The pathophysiology of spinal cord injury (SCI) involves primary injury and secondary injury. For the irreversibility of primary injury, therapies of SCI mainly focus on secondary injury, whereas inflammation is considered to be a major target for secondary injury; however the regulation of inflammation in SCI is unclear and targeted therapies are still lacking.
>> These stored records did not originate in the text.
lemma sets_act_notin_cell: "g \<in> carrier G \<Longrightarrow> {x. act g x \<notin> cell n x} \<in> sets M"
  using sets.compl_sets[OF sets_act_in_cell]
  by (simp add: space_M Compl_eq_Diff_UNIV[symmetric] Collect_neg_eq)

lemma sets_large_cell: "{x. K < card (cell n x)} \<in> sets M"
proof -
  have [measurable]: "(\<lambda>x. of_nat (card (cell n x)) :: ennreal) \<in> borel_measurable M"
    by (rule borel_measurable_card_cell)
  have "{x \<in> space M. of_nat K < (of_nat (card (cell n x)) :: ennreal)} \<in> sets M"
    by measurable
  then show ?thesis
    by (simp add: space_M)
qed

lemma tendsto_emeasure_leave_cell:
  assumes "g \<in> carrier G"
  shows "(\<lambda>n. emeasure M {x. act g x \<notin> cell n x}) \<longlonglongrightarrow> 0"
proof -
  have "decseq (\<lambda>n. {x. act g x \<notin> cell n x})"
    using cell_mono by (force simp: decseq_def)
  then have "(\<lambda>n. emeasure M {x. act g x \<notin> cell n x}) \<longlonglongrightarrow>
      emeasure M (\<Inter>n. {x. act g x \<notin> cell n x})"
    using sets_act_notin_cell[OF assms] by (intro Lim_emeasure_decseq) auto
  moreover have "AE x in M. \<not> (\<forall>n. act g x \<notin> cell n x)"
    using AE_good ex_cell_act[OF _ assms] by (auto elim: eventually_mono)
  then have "emeasure M {x \<in> space M. \<forall>n. act g x \<notin> cell n x} = 0"
    by (rule emeasure_eq_0_AE)
  moreover have "{x \<in> space M. \<forall>n. act g x \<notin> cell n x} = (\<Inter>n. {x. act g x \<notin> cell n x})"
    by (auto simp: space_M)
  ultimately show ?thesis
    by simp
qed

lemma tendsto_emeasure_large_cell:
  "(\<lambda>K. emeasure M {x. K < card (cell n x)}) \<longlonglongrightarrow> 0"
proof -
  have "decseq (\<lambda>K. {x. K < card (cell n x)})"
    by (auto simp: decseq_def)
  then have "(\<lambda>K. emeasure M {x. K < card (cell n x)}) \<longlonglongrightarrow>
      emeasure M (\<Inter>K. {x. K < card (cell n x)})"
    using sets_large_cell by (intro Lim_emeasure_decseq) auto
  moreover have "(\<Inter>K. {x. K < card (cell n x)}) = {}"
    by (auto dest: spec[of _ "card (cell n _)"])
  ultimately show ?thesis
    by simp
qed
In this study, we found that the expression of BRD4 was correlated with pro-inflammatory cytokines after SCI in rats; in vitro study in microglia showed that BRD4 inhibition either by lentivirus or JQ1 may both suppress the MAPK and NF-κB signalling pathways, which are the two major signalling pathways involved in inflammatory response in microglia. BRD4 inhibition by JQ1 not only blocked microglial M1 polarization, but also repressed the level of pro-inflammatory cytokines in microglia in vitro and in vivo. Furthermore, BRD4 inhibition by JQ1 can improve functional recovery and structural disorder as well as reduce neuron loss in SCI rats. Overall, this study illustrates that microglial BRD4 level is increased after SCI and BRD4 inhibition is able to suppress M1 polarization and pro-inflammatory cytokine production in microglia which ultimately promotes functional recovery after SCI.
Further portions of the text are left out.